DATA FOR THIS TASK =>
lemma belief_snoc_delivered:
  assumes init: "set_pmf init \<subseteq> {0..B} \<times> {1..Dmax} \<times> {1..B}" and "Dmax \<ge> 2"
    and lam: "0 \<le> lam" "lam \<le> 1" and p: "0 \<le> p" "p \<le> 1" and "os \<noteq> []"
    and nonzero: "hist_prob B Dmax lam p init pol (Suc (Suc n)) (os @ [(r, 1, k)]) (as @ [1]) \<noteq> 0"
    and "k \<in> {1..B}" and "j \<le> B"
  shows "belief B Dmax lam p init pol (Suc (Suc n)) (os @ [(r, 1, k)]) (as @ [1]) j = rho lam k j"
proof -
  have "Dmax \<ge> 1" using \<open>Dmax \<ge> 2\<close> by simp
  obtain r0 D0 bt0 where last_os: "last os = (r0, D0, bt0)"
    using prod_cases3 by blast
  have "last os \<in> set (os @ [(r, 1, k)])"
    using \<open>os \<noteq> []\<close> by simp
  from ob_age_ge_1_if_hist_prob_nonzero[OF init \<open>Dmax \<ge> 1\<close> nonzero this]
  have "1 \<le> D0"
    by (simp add: last_os ob_age_def)
  let ?N = "hist_bat_prob B Dmax lam p init pol (Suc n) (os @ [(r, 1, k)]) (as @ [1])"
  let ?P = "hist_bat_prob B Dmax lam p init pol n os as"
  define c where "c = pmf (pol os as) 1 * (p * of_bool (r = 1) + (1 - p) * of_bool (r = 0)) * ?P k"
  have "?N j' = c * rho lam k j'" for j'
  proof -
    \<comment> \<open>an empty battery would have left Delta = min (D0 + 1) Dmax \<ge> 2, so b(t) = k\<close>
    have "(\<Sum>i\<le>B. pmf (step B Dmax lam p (i, D0, bt0, r0) 1) (j', 1, k, r) * ?P i) =
        (\<Sum>i\<le>B. if i = k then bat_kernel B lam (k - 1) j'
          * (p * of_bool (r = 1) + (1 - p) * of_bool (r = 0)) * ?P k else 0)"
      using \<open>1 \<le> D0\<close> \<open>Dmax \<ge> 2\<close> \<open>k \<in> {1..B}\<close> by (intro sum.cong) (auto simp: pmf_step lam p)
    then show ?thesis
      unfolding hist_bat_prob_snoc[OF init \<open>Dmax \<ge> 1\<close> last_os] c_def
      using \<open>k \<in> {1..B}\<close> rho_eq_bat_kernel[of B k lam j'] by (simp add: mult_ac)
  qed
  then have "?N j / (\<Sum>j\<le>B. ?N j) = rho lam k j"
    using nonzero hist_prob_eq_sum_hist_bat_prob[OF init \<open>Dmax \<ge> 1\<close>] \<open>j \<le> B\<close> \<open>k \<in> {1..B}\<close>
    by (intro normalize_point_mass[OF sum_rho]) auto
  then show ?thesis
    by (simp add: belief_eq_normalized[OF init \<open>Dmax \<ge> 1\<close>])
qed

PROBLEM REQUIREMENTS =>
In the records above, how many lines hold the string "simp"? Respond with that number only.

EXPECTED ANSWER =>
6